(* Let $q$ be a prime power. Any classical (possibly randomized) algorithm that solves the hidden linear structure problem over $\mathit{GF}(q)$ with error probability at most $\tfrac12$ must make $\Omega(\sqrt q)$ queries to the black box.
   Context: The (classical) hidden linear structure problem over $\mathit{GF}(q)$: one is given a black box computing the map $\mathit{GF}(q)\times\mathit{GF}(q)\to\mathit{GF}(q)\times\mathit{GF}(q)$, $(x,y)\mapsto(x,\pi(y+sx))$, where $\pi$ is an arbitrary (unknown) permutation of $\mathit{GF}(q)$ and $s\in\mathit{GF}(q)$ is unknown. The goal is to determine $s$. Complexity is measured by the number of queries to the black box. *)

theory Defs
  imports "HOL-Algebra.Ring" "HOL-Probability.Probability_Mass_Function"
begin

text \<open>The black box of the hidden linear structure problem over the finite field R with
  hidden slope s and hidden permutation \<pi> of the carrier: (x,y) maps to (x, \<pi> (y + s x)).
  The first component x of the answer is the query itself, so only the second one is returned.
  Queries outside the field carrier are answered by a fixed constant (no information).\<close>
definition hls_box :: "nat ring \<Rightarrow> nat \<Rightarrow> (nat \<Rightarrow> nat) \<Rightarrow> nat \<times> nat \<Rightarrow> nat" where
  "hls_box R s \<pi> q =
     (if fst q \<in> carrier R \<and> snd q \<in> carrier R
      then \<pi> (snd q \<oplus>\<^bsub>R\<^esub> (s \<otimes>\<^bsub>R\<^esub> fst q)) else 0)"

text \<open>A deterministic adaptive query algorithm: the next query is a function of the list of
  answers obtained so far; the output is a function of the list of all answers.\<close>
type_synonym det_alg = "(nat list \<Rightarrow> nat \<times> nat) \<times> (nat list \<Rightarrow> nat)"

fun hls_answers :: "(nat \<times> nat \<Rightarrow> nat) \<Rightarrow> det_alg \<Rightarrow> nat \<Rightarrow> nat list" where
  "hls_answers orc D 0 = []"
| "hls_answers orc D (Suc k) =
     hls_answers orc D k @ [orc (fst D (hls_answers orc D k))]"

definition hls_run :: "(nat \<times> nat \<Rightarrow> nat) \<Rightarrow> nat \<Rightarrow> det_alg \<Rightarrow> nat" where
  "hls_run orc T D = snd D (hls_answers orc D T)"

text \<open>A randomized algorithm is a probability distribution over deterministic algorithms.\<close>
definition hls_solves :: "nat ring \<Rightarrow> nat \<Rightarrow> det_alg pmf \<Rightarrow> bool" where
  "hls_solves R T A \<longleftrightarrow>
     (\<forall>s \<in> carrier R. \<forall>\<pi>. bij_betw \<pi> (carrier R) (carrier R) \<longrightarrow>
        measure_pmf.prob A {D. hls_run (hls_box R s \<pi>) T D \<noteq> s} \<le> 1/2)"

end

theory Submission
  imports Defs "HOL-Combinatorics.Permutations"
begin

(* A deterministic algorithm D sees only its transcript of answers. Call a run (s, pi)
   collision-free if the queried field points have pairwise distinct values y + s x. If the
   queried points are collision-free for two slopes s and s', relabelling pi by a permutation
   theta with theta (y + s' x) = y + s x on these points turns (s, pi) into (s', pi o theta)
   without changing the transcript. A fixed set of k points is not collision-free for at most
   k^2 slopes, so each run that is correct and collision-free after T queries yields q - T^2
   runs with the same transcript, from which s can be read off; hence there are at most
   q! q / (q - T^2) such runs. A run whose first collision happens at query k reveals s
   through the two colliding points, at the cost of a factor k for the index of the earlier
   one. So D is correct on at most a fraction (1 + T^2) / (q - T^2) of all inputs (s, pi),
   and by averaging over the random choice of D, success probability 1/2 forces
   q <= 2 + 3 T^2. *)

definition hls_shear :: "('a, 'b) ring_scheme \<Rightarrow> 'a \<Rightarrow> 'a \<times> 'a \<Rightarrow> 'a" where
  "hls_shear R s p = snd p \<oplus>\<^bsub>R\<^esub> s \<otimes>\<^bsub>R\<^esub> fst p"

lemma length_hls_answers [simp]: "length (hls_answers orc D k) = k"
  by (induction k) auto

lemma take_hls_answers [simp]:
  "j \<le> k \<Longrightarrow> take j (hls_answers orc D k) = hls_answers orc D j"
proof (induction k)
  case (Suc k)
  then show ?case by (cases "j = Suc k") auto
qed simp

lemma hls_answers_cong:
  assumes "\<And>j. j < k \<Longrightarrow> orc' (fst D (hls_answers orc D j)) = orc (fst D (hls_answers orc D j))"
  shows "hls_answers orc' D k = hls_answers orc D k"
  using assms by (induction k) auto

definition hls_queries :: "det_alg \<Rightarrow> nat list \<Rightarrow> (nat \<times> nat) set" where
  "hls_queries D t = (\<lambda>j. fst D (take j t)) ` {..<length t}"

definition hls_field_queries :: "nat ring \<Rightarrow> det_alg \<Rightarrow> nat list \<Rightarrow> (nat \<times> nat) set" where
  "hls_field_queries R D t = hls_queries D t \<inter> carrier R \<times> carrier R"

lemma hls_queries_answers:
  "hls_queries D (hls_answers orc D k) = (\<lambda>j. fst D (hls_answers orc D j)) ` {..<k}"
  unfolding hls_queries_def by (intro image_cong) auto

lemma finite_hls_field_queries: "finite (hls_field_queries R D t)"
  by (simp add: hls_field_queries_def hls_queries_def)

lemma card_hls_field_queries_le: "card (hls_field_queries R D t) \<le> length t"
proof -
  have "card (hls_field_queries R D t) \<le> card (hls_queries D t)"
    unfolding hls_field_queries_def by (rule card_mono) (simp_all add: hls_queries_def)
  also have "\<dots> \<le> length t"
    unfolding hls_queries_def using card_image_le[of "{..<length t}"] by simp
  finally show ?thesis .
qed

definition hls_collision_free :: "nat ring \<Rightarrow> det_alg \<Rightarrow> nat \<Rightarrow> nat list \<Rightarrow> bool" where
  "hls_collision_free R D s t \<longleftrightarrow> inj_on (hls_shear R s) (hls_field_queries R D t)"

lemma hls_collision_free_Nil [simp]: "hls_collision_free R D s []"
  by (simp add: hls_collision_free_def hls_field_queries_def hls_queries_def)

lemma hls_first_collision:
  assumes "hls_collision_free R D s (hls_answers orc D k)"
    and "\<not> hls_collision_free R D s (hls_answers orc D (Suc k))"
  obtains i where "i < k"
    and "fst D (hls_answers orc D i) \<in> carrier R \<times> carrier R"
    and "fst D (hls_answers orc D k) \<in> carrier R \<times> carrier R"
    and "fst D (hls_answers orc D i) \<noteq> fst D (hls_answers orc D k)"
    and "hls_shear R s (fst D (hls_answers orc D i)) = hls_shear R s (fst D (hls_answers orc D k))"
proof -
  define p where "p = fst D (hls_answers orc D k)"
  define old where "old = hls_field_queries R D (hls_answers orc D k)"
  have new: "hls_field_queries R D (hls_answers orc D (Suc k)) = old \<union> ({p} \<inter> carrier R \<times> carrier R)"
    unfolding hls_field_queries_def hls_queries_answers old_def p_def by (auto simp: lessThan_Suc)
  have p: "p \<in> carrier R \<times> carrier R"
  proof (rule ccontr)
    assume "p \<notin> carrier R \<times> carrier R"
    then have "hls_field_queries R D (hls_answers orc D (Suc k)) = old"
      using new by auto
    with assms show False
      unfolding old_def hls_collision_free_def by metis
  qed
  with assms new have "hls_shear R s p \<in> hls_shear R s ` (old - {p})"
    unfolding old_def by (auto simp: hls_collision_free_def)
  then obtain x where x: "x \<in> old - {p}" "hls_shear R s x = hls_shear R s p"
    by (metis imageE)
  then obtain i where "i < k" "x = fst D (hls_answers orc D i)"
    unfolding old_def hls_field_queries_def hls_queries_answers by auto
  with x p show thesis
    using that unfolding old_def hls_field_queries_def p_def by auto
qed

lemma (in cring) hls_shear_collision_slope:
  assumes "p \<in> carrier R \<times> carrier R" "p' \<in> carrier R \<times> carrier R" "s \<in> carrier R"
    and "hls_shear R s p = hls_shear R s p'"
  shows "s \<otimes> (fst p \<ominus> fst p') = snd p' \<ominus> snd p"
proof -
  have "s \<otimes> (fst p \<ominus> fst p') = hls_shear R s p \<ominus> hls_shear R s p' \<oplus> (snd p' \<ominus> snd p)"
    using assms(1-3) unfolding hls_shear_def mem_Times_iff by algebra
  also have "\<dots> = snd p' \<ominus> snd p"
    using assms unfolding hls_shear_def mem_Times_iff by algebra
  finally show ?thesis .
qed

lemma (in domain) hls_shear_collision_unique:
  assumes p: "p \<in> carrier R \<times> carrier R" "p' \<in> carrier R \<times> carrier R" "p \<noteq> p'"
    and s1: "s1 \<in> carrier R" "hls_shear R s1 p = hls_shear R s1 p'"
    and s2: "s2 \<in> carrier R" "hls_shear R s2 p = hls_shear R s2 p'"
  shows "s1 = s2"
proof -
  have minus_eq_zero: "a \<ominus> b = \<zero> \<longleftrightarrow> a = b" if "a \<in> carrier R" "b \<in> carrier R" for a b
    using that by (simp add: add.inv_solve_right' minus_eq)
  have slope1: "s1 \<otimes> (fst p \<ominus> fst p') = snd p' \<ominus> snd p"
    using hls_shear_collision_slope p(1,2) s1 by blast
  have slope2: "s2 \<otimes> (fst p \<ominus> fst p') = snd p' \<ominus> snd p"
    using hls_shear_collision_slope p(1,2) s2 by blast
  define d where "d = fst p \<ominus> fst p'"
  have d: "d \<in> carrier R" "d \<noteq> \<zero>"
  proof -
    show "d \<in> carrier R" using p unfolding d_def by auto
    show "d \<noteq> \<zero>"
    proof
      assume "d = \<zero>"
      with p have "fst p = fst p'"
        using minus_eq_zero[of "fst p" "fst p'"] unfolding d_def by auto
      moreover from \<open>d = \<zero>\<close> slope1 s1 have "snd p' \<ominus> snd p = \<zero>"
        unfolding d_def by simp
      with p have "snd p = snd p'"
        using minus_eq_zero[of "snd p'" "snd p"] by auto
      ultimately show False
        using p(3) by (simp add: prod_eq_iff)
    qed
  qed
  show "s1 = s2"
    using m_rcancel[OF d(2) d(1) s1(1) s2(1)] slope1 slope2 unfolding d_def by simp
qed

definition hls_slope_through :: "('a, 'b) ring_scheme \<Rightarrow> 'a \<times> 'a \<Rightarrow> 'a \<times> 'a \<Rightarrow> 'a" where
  "hls_slope_through R p p' = (SOME s. s \<in> carrier R \<and> hls_shear R s p = hls_shear R s p')"

lemma (in domain) hls_slope_through_eq:
  assumes "p \<in> carrier R \<times> carrier R" "p' \<in> carrier R \<times> carrier R" "p \<noteq> p'"
    and "s \<in> carrier R" "hls_shear R s p = hls_shear R s p'"
  shows "hls_slope_through R p p' = s"
proof -
  have "hls_slope_through R p p' \<in> carrier R \<and>
      hls_shear R (hls_slope_through R p p') p = hls_shear R (hls_slope_through R p p') p'"
    unfolding hls_slope_through_def by (rule someI[of _ s]) (use assms in simp)
  with assms show ?thesis
    using hls_shear_collision_unique by blast
qed

lemma (in domain) card_non_injective_slopes:
  assumes "finite X" "X \<subseteq> carrier R \<times> carrier R"
  shows "card {s \<in> carrier R. \<not> inj_on (hls_shear R s) X} \<le> card X ^ 2"
proof -
  let ?slope = "\<lambda>(p, p'). hls_slope_through R p p'"
  have "{s \<in> carrier R. \<not> inj_on (hls_shear R s) X} \<subseteq> ?slope ` (X \<times> X)"
  proof
    fix s assume "s \<in> {s \<in> carrier R. \<not> inj_on (hls_shear R s) X}"
    then obtain p p' where "s \<in> carrier R" "p \<in> X" "p' \<in> X" "p \<noteq> p'"
      "hls_shear R s p = hls_shear R s p'"
      unfolding inj_on_def by blast
    with assms(2) have "hls_slope_through R p p' = s"
      using hls_slope_through_eq by blast
    with \<open>p \<in> X\<close> \<open>p' \<in> X\<close> show "s \<in> ?slope ` (X \<times> X)"
      by (intro image_eqI[where x = "(p, p')"]) auto
  qed
  then have "card {s \<in> carrier R. \<not> inj_on (hls_shear R s) X} \<le> card (?slope ` (X \<times> X))"
    using assms(1) by (intro card_mono) auto
  also have "\<dots> \<le> card (X \<times> X)"
    by (rule card_image_le) (use assms(1) in simp)
  also have "\<dots> = card X ^ 2"
    by (simp add: card_cartesian_product power2_eq_square)
  finally show ?thesis .
qed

—————

Copy range, inclusive: the line holding "b = \<zero>" to the line holding "using hls_shear_collision_slope p(1,2) s2". Reproduce exactly those lines of the records above and no others.

  have minus_eq_zero: "a \<ominus> b = \<zero> \<longleftrightarrow> a = b" if "a \<in> carrier R" "b \<in> carrier R" for a b
    using that by (simp add: add.inv_solve_right' minus_eq)
  have slope1: "s1 \<otimes> (fst p \<ominus> fst p') = snd p' \<ominus> snd p"
    using hls_shear_collision_slope p(1,2) s1 by blast
  have slope2: "s2 \<otimes> (fst p \<ominus> fst p') = snd p' \<ominus> snd p"
    using hls_shear_collision_slope p(1,2) s2 by blast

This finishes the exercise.